====== INPUT ======

(* For finite $n$, if the Malthusian exponent $\Xi$ exists, then $\Xi<\lambda_{2,\max}^{-1}$.
   Context: $\sigma_1^2\ge\dots\ge\sigma_n^2\ge0$ are the eigenvalues of $\boldsymbol A\boldsymbol A^T$ for $\boldsymbol A\in\mathbb R^{n\times d}$; $\gamma>0$, $\zeta\in(0,1)$, $\Delta\in[0,1)$. For $j\in[n]$: $\Omega_j=1-\gamma\zeta\sigma_j^2+\Delta$, $\lambda_{2,j},\lambda_{3,j}=\frac{-2\Delta+\Omega_j^2\pm\sqrt{\Omega_j^2(\Omega_j^2-4\Delta)}}{2}$ (complex root if needed); $\lambda_{2,\max}=\max\{|\lambda_{2,j}|:\sigma_j^2>0\}$. $H_2(t)=\frac1n\sum_j\frac{2\sigma_j^4}{\Omega_j^2-4\Delta}\big(-\Delta^{t+1}+\frac12\lambda_{2,j}^{t+1}+\frac12\lambda_{3,j}^{t+1}\big)$ (by continuity when $\Omega_j^2=4\Delta$). The Malthusian exponent $\Xi$ is the unique solution of $\gamma^2\zeta(1-\zeta)\sum_{t=0}^\infty\Xi^tH_2(t)=1$, when such a solution exists. *)

theory Defs
  imports "HOL-Analysis.Analysis"
begin

text \<open>Throughout, \<open>s\<close> stands for an eigenvalue \<open>\<sigma>_j^2\<close> of \<open>A A^T\<close>.\<close>

definition Omega :: "real \<Rightarrow> real \<Rightarrow> real \<Rightarrow> real \<Rightarrow> real" where
  "Omega \<gamma> \<zeta> \<Delta> s = 1 - \<gamma> * \<zeta> * s + \<Delta>"

definition lam2 :: "real \<Rightarrow> real \<Rightarrow> real \<Rightarrow> real \<Rightarrow> complex" where
  "lam2 \<gamma> \<zeta> \<Delta> s =
     (let \<Omega> = Omega \<gamma> \<zeta> \<Delta> s in
      (complex_of_real (- 2 * \<Delta> + \<Omega>^2) + csqrt (complex_of_real (\<Omega>^2 * (\<Omega>^2 - 4 * \<Delta>)))) / 2)"

definition lam3 :: "real \<Rightarrow> real \<Rightarrow> real \<Rightarrow> real \<Rightarrow> complex" where
  "lam3 \<gamma> \<zeta> \<Delta> s =
     (let \<Omega> = Omega \<gamma> \<zeta> \<Delta> s in
      (complex_of_real (- 2 * \<Delta> + \<Omega>^2) - csqrt (complex_of_real (\<Omega>^2 * (\<Omega>^2 - 4 * \<Delta>)))) / 2)"

text \<open>When \<open>\<Omega>^2 = 4\<Delta>\<close>
  the value is the continuous extension, which equals \<open>\<sigma>^4 (t+1)^2 \<Delta>^t\<close>.
  The expression is real (conjugate roots); we take the real part of the complex value.\<close>
definition H2_term :: "real \<Rightarrow> real \<Rightarrow> real \<Rightarrow> real \<Rightarrow> nat \<Rightarrow> real" where
  "H2_term \<gamma> \<zeta> \<Delta> s t =
     (let \<Omega> = Omega \<gamma> \<zeta> \<Delta> s in
      if \<Omega>^2 = 4 * \<Delta> then s^2 * (real t + 1)^2 * \<Delta>^t
      else Re (complex_of_real (2 * s^2 / (\<Omega>^2 - 4 * \<Delta>)) *
               (- complex_of_real (\<Delta>^(t+1)) + lam2 \<gamma> \<zeta> \<Delta> s ^ (t+1) / 2
                  + lam3 \<gamma> \<zeta> \<Delta> s ^ (t+1) / 2)))"

definition H2 :: "nat \<Rightarrow> (nat \<Rightarrow> real) \<Rightarrow> real \<Rightarrow> real \<Rightarrow> real \<Rightarrow> nat \<Rightarrow> real" where
  "H2 n \<sigma>2 \<gamma> \<zeta> \<Delta> t = (1 / real n) * (\<Sum>j<n. H2_term \<gamma> \<zeta> \<Delta> (\<sigma>2 j) t)"

definition lam2_max :: "nat \<Rightarrow> (nat \<Rightarrow> real) \<Rightarrow> real \<Rightarrow> real \<Rightarrow> real \<Rightarrow> real" where
  "lam2_max n \<sigma>2 \<gamma> \<zeta> \<Delta> = Max {cmod (lam2 \<gamma> \<zeta> \<Delta> (\<sigma>2 j)) | j. j < n \<and> \<sigma>2 j > 0}"

definition malthusian_eq :: "nat \<Rightarrow> (nat \<Rightarrow> real) \<Rightarrow> real \<Rightarrow> real \<Rightarrow> real \<Rightarrow> real \<Rightarrow> bool" where
  "malthusian_eq n \<sigma>2 \<gamma> \<zeta> \<Delta> x \<longleftrightarrow>
     summable (\<lambda>t. x^t * H2 n \<sigma>2 \<gamma> \<zeta> \<Delta> t) \<and>
     \<gamma>^2 * \<zeta> * (1 - \<zeta>) * (\<Sum>t. x^t * H2 n \<sigma>2 \<gamma> \<zeta> \<Delta> t) = 1"

definition malthusian_exponent :: "nat \<Rightarrow> (nat \<Rightarrow> real) \<Rightarrow> real \<Rightarrow> real \<Rightarrow> real \<Rightarrow> real \<Rightarrow> bool" where
  "malthusian_exponent n \<sigma>2 \<gamma> \<zeta> \<Delta> \<Xi> \<longleftrightarrow>
     \<Xi> > 0 \<and> malthusian_eq n \<sigma>2 \<gamma> \<zeta> \<Delta> \<Xi> \<and>
     (\<forall>x>0. malthusian_eq n \<sigma>2 \<gamma> \<zeta> \<Delta> x \<longrightarrow> x = \<Xi>)"

end

theory Submission
  imports Defs
begin

text \<open>Let \<open>m\<^sub>1, m\<^sub>2\<close> be the roots of \<open>x\<^sup>2 - \<Omega> x + \<Delta>\<close>, ordered so that
  \<open>|m\<^sub>2| \<le> |m\<^sub>1|\<close>; then \<open>\<lambda>\<^sub>2 = m\<^sub>1\<^sup>2\<close>, \<open>\<lambda>\<^sub>3 = m\<^sub>2\<^sup>2\<close>, and the \<open>j\<close>-th summand of \<open>H\<^sub>2(t)\<close>
  is \<open>\<sigma>\<^sup>4 U\<^sub>t\<^sub>+\<^sub>1\<^sup>2\<close>, where \<open>U\<close> is the Lucas sequence \<open>U\<^sub>k = (m\<^sub>1\<^sup>k - m\<^sub>2\<^sup>k) / (m\<^sub>1 - m\<^sub>2)\<close>
  (also in the double-root case).  Since \<open>m\<^sub>1\<^sup>k = U\<^sub>k\<^sub>+\<^sub>1 - m\<^sub>2 U\<^sub>k\<close>, the sequence \<open>U\<^sub>k\<^sup>2\<close> cannot
  decay faster than \<open>|\<lambda>\<^sub>2|\<^sup>k\<close>, so \<open>x\<^sup>t H\<^sub>2(t)\<close> does not tend to 0 once \<open>x |\<lambda>\<^sub>2| \<ge> 1\<close>;
  convergence of the Malthusian series then forces \<open>\<Xi> |\<lambda>\<^sub>2| < 1\<close>.  The degenerate case
  \<open>\<lambda>\<^sub>2 = 0\<close> for all \<open>\<sigma>\<^sub>j > 0\<close> is excluded by uniqueness of \<open>\<Xi>\<close>: there \<open>H\<^sub>2(t) = 0\<close>
  for \<open>t \<ge> 1\<close>, so every \<open>x\<close> solves the Malthusian equation or none does.\<close>

fun lucas_U :: "'a::comm_ring_1 \<Rightarrow> 'a \<Rightarrow> nat \<Rightarrow> 'a" where
  "lucas_U P Q 0 = 0"
| "lucas_U P Q (Suc 0) = 1"
| "lucas_U P Q (Suc (Suc n)) = P * lucas_U P Q (Suc n) - Q * lucas_U P Q n"

lemma lucas_U_shift: "lucas_U (a + b) (a * b) (Suc n) - b * lucas_U (a + b) (a * b) n = a ^ n"
proof (induction n)
  case (Suc n)
  have "lucas_U (a + b) (a * b) (Suc (Suc n)) - b * lucas_U (a + b) (a * b) (Suc n)
      = a * (lucas_U (a + b) (a * b) (Suc n) - b * lucas_U (a + b) (a * b) n)"
    by (simp add: algebra_simps)
  with Suc.IH show ?case by simp
qed simp

lemma lucas_U_binet: "(a - b) * lucas_U (a + b) (a * b) n = a ^ n - b ^ n"
proof -
  let ?U = "lucas_U (a + b) (a * b)"
  have "?U (Suc n) - a * ?U n = b ^ n"
    using lucas_U_shift[of b a n] by (simp only: add.commute mult.commute)
  moreover have "(a - b) * ?U n = (?U (Suc n) - b * ?U n) - (?U (Suc n) - a * ?U n)"
    by (simp add: algebra_simps)
  ultimately show ?thesis
    by (simp only: lucas_U_shift)
qed

lemma lucas_U_square:
  "(a - b)\<^sup>2 * (lucas_U (a + b) (a * b) n)\<^sup>2 = (a\<^sup>2) ^ n + (b\<^sup>2) ^ n - 2 * (a * b) ^ n"
proof -
  have "(a - b)\<^sup>2 * (lucas_U (a + b) (a * b) n)\<^sup>2 = (a ^ n - b ^ n)\<^sup>2"
    by (simp only: lucas_U_binet flip: power_mult_distrib)
  then show ?thesis
    by (simp add: power2_diff power2_eq_square power_mult_distrib algebra_simps)
qed

lemma lucas_U_double_root: "lucas_U (2 * a) (a ^ 2) (Suc n) = of_nat (Suc n) * a ^ n"
proof (induction n)
  case (Suc n)
  define V where "V = lucas_U (2 * a) (a ^ 2)"
  have "V = lucas_U (a + a) (a * a)"
    by (simp only: V_def mult_2 power2_eq_square)
  then have "V (Suc (Suc n)) - a * V (Suc n) = a ^ Suc n"
    by (simp only: lucas_U_shift)
  moreover have "V (Suc n) = of_nat (Suc n) * a ^ n"
    using Suc.IH by (simp only: V_def)
  ultimately have "V (Suc (Suc n)) = of_nat (Suc (Suc n)) * a ^ Suc n"
    by (simp add: algebra_simps)
  then show ?case by (simp only: V_def)
qed simp

lemma of_real_lucas_U:
  "of_real (lucas_U P Q n) = (lucas_U (of_real P) (of_real Q) n :: 'a::{real_algebra_1,comm_ring_1})"
  by (induction P Q n rule: lucas_U.induct) simp_all

lemma csqrt_of_real_mult_square:
  "csqrt (of_real (w\<^sup>2 * z)) = of_real \<bar>w\<bar> * csqrt (of_real z)"
  unfolding csqrt_of_real'[of "w\<^sup>2 * z"] csqrt_of_real'[of z]
  by (cases "w = 0") (simp_all add: abs_mult real_sqrt_mult zero_le_mult_iff)

lemma cmod_add_ge_cmod_diff:
  assumes "0 \<le> w * Re y"
  shows "cmod (of_real w - y) \<le> cmod (of_real w + y)"
proof (rule power2_le_imp_le)
  show "(cmod (of_real w - y))\<^sup>2 \<le> (cmod (of_real w + y))\<^sup>2"
    using assms unfolding cmod_power2 by (simp add: power2_eq_square algebra_simps)
qed simp

lemma quadratic_roots_csqrt:
  fixes w D :: real
  obtains m1 m2 :: complex
  where "m1 + m2 = of_real w" "m1 * m2 = of_real D" "cmod m2 \<le> cmod m1"
    and "m1\<^sup>2 = (of_real (- 2 * D + w\<^sup>2) + csqrt (of_real (w\<^sup>2 * (w\<^sup>2 - 4 * D)))) / 2"
    and "m2\<^sup>2 = (of_real (- 2 * D + w\<^sup>2) - csqrt (of_real (w\<^sup>2 * (w\<^sup>2 - 4 * D)))) / 2"
proof
  \<comment> \<open>The sign \<open>e\<close> makes \<open>w c\<close> the principal square root and \<open>w Re c \<ge> 0\<close>.\<close>
  define e :: real where "e = (if w \<ge> 0 then 1 else -1)"
  define c where "c = of_real e * csqrt (of_real (w\<^sup>2 - 4 * D))"
  have c2: "c\<^sup>2 = of_real (w\<^sup>2 - 4 * D)"
    by (simp add: c_def e_def power_mult_distrib)
  have wc: "of_real w * c = csqrt (of_real (w\<^sup>2 * (w\<^sup>2 - 4 * D)))"
    unfolding csqrt_of_real_mult_square c_def e_def by (cases "w \<ge> 0") simp_all
  show "(of_real w + c) / 2 + (of_real w - c) / 2 = of_real w" by (simp add: field_simps)
  show "(of_real w + c) / 2 * ((of_real w - c) / 2) = of_real D"
    using c2 by (simp add: field_simps power2_eq_square)
  show "((of_real w + c) / 2)\<^sup>2 = (of_real (- 2 * D + w\<^sup>2) + csqrt (of_real (w\<^sup>2 * (w\<^sup>2 - 4 * D)))) / 2"
    unfolding wc[symmetric] power_divide power2_sum c2 by (simp add: field_simps)
  show "((of_real w - c) / 2)\<^sup>2 = (of_real (- 2 * D + w\<^sup>2) - csqrt (of_real (w\<^sup>2 * (w\<^sup>2 - 4 * D)))) / 2"
    unfolding wc[symmetric] power_divide power2_diff c2 by (simp add: field_simps)
  have "0 \<le> w * Re c"
    using Re_csqrt[of "of_real (w\<^sup>2 - 4 * D)"]
    by (cases "w \<ge> 0") (simp_all add: c_def e_def mult_nonpos_nonneg del: csqrt.sel)
  then show "cmod ((of_real w - c) / 2) \<le> cmod ((of_real w + c) / 2)"
    by (simp add: norm_divide cmod_add_ge_cmod_diff)
qed

lemma lam2_lam3_char_roots:
  obtains m1 m2 :: complex
  where "m1 + m2 = of_real (Omega \<gamma> \<zeta> \<Delta> s)" "m1 * m2 = of_real \<Delta>" "cmod m2 \<le> cmod m1"
    and "lam2 \<gamma> \<zeta> \<Delta> s = m1\<^sup>2" "lam3 \<gamma> \<zeta> \<Delta> s = m2\<^sup>2"
proof -
  obtain m1 m2 where m: "m1 + m2 = of_real (Omega \<gamma> \<zeta> \<Delta> s)" "m1 * m2 = of_real \<Delta>"
      "cmod m2 \<le> cmod m1"
    and "m1\<^sup>2 = (of_real (- 2 * \<Delta> + (Omega \<gamma> \<zeta> \<Delta> s)\<^sup>2)
                  + csqrt (of_real ((Omega \<gamma> \<zeta> \<Delta> s)\<^sup>2 * ((Omega \<gamma> \<zeta> \<Delta> s)\<^sup>2 - 4 * \<Delta>)))) / 2"
    and "m2\<^sup>2 = (of_real (- 2 * \<Delta> + (Omega \<gamma> \<zeta> \<Delta> s)\<^sup>2)
                  - csqrt (of_real ((Omega \<gamma> \<zeta> \<Delta> s)\<^sup>2 * ((Omega \<gamma> \<zeta> \<Delta> s)\<^sup>2 - 4 * \<Delta>)))) / 2"
    by (rule quadratic_roots_csqrt)
  then have "lam2 \<gamma> \<zeta> \<Delta> s = m1\<^sup>2" "lam3 \<gamma> \<zeta> \<Delta> s = m2\<^sup>2"
    by (simp_all only: lam2_def lam3_def Let_def)
  with m show thesis by (rule that)
qed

======

INSTRUCTIONS FOR THE TASK: Check each line of the records for the word "using", and show the lines that contain it.

EXERCISE RESPONSE:
    using lucas_U_shift[of b a n] by (simp only: add.commute mult.commute)
    using Suc.IH by (simp only: V_def)
    using assms unfolding cmod_power2 by (simp add: power2_eq_square algebra_simps)
    using c2 by (simp add: field_simps power2_eq_square)
    using Re_csqrt[of "of_real (w\<^sup>2 - 4 * D)"]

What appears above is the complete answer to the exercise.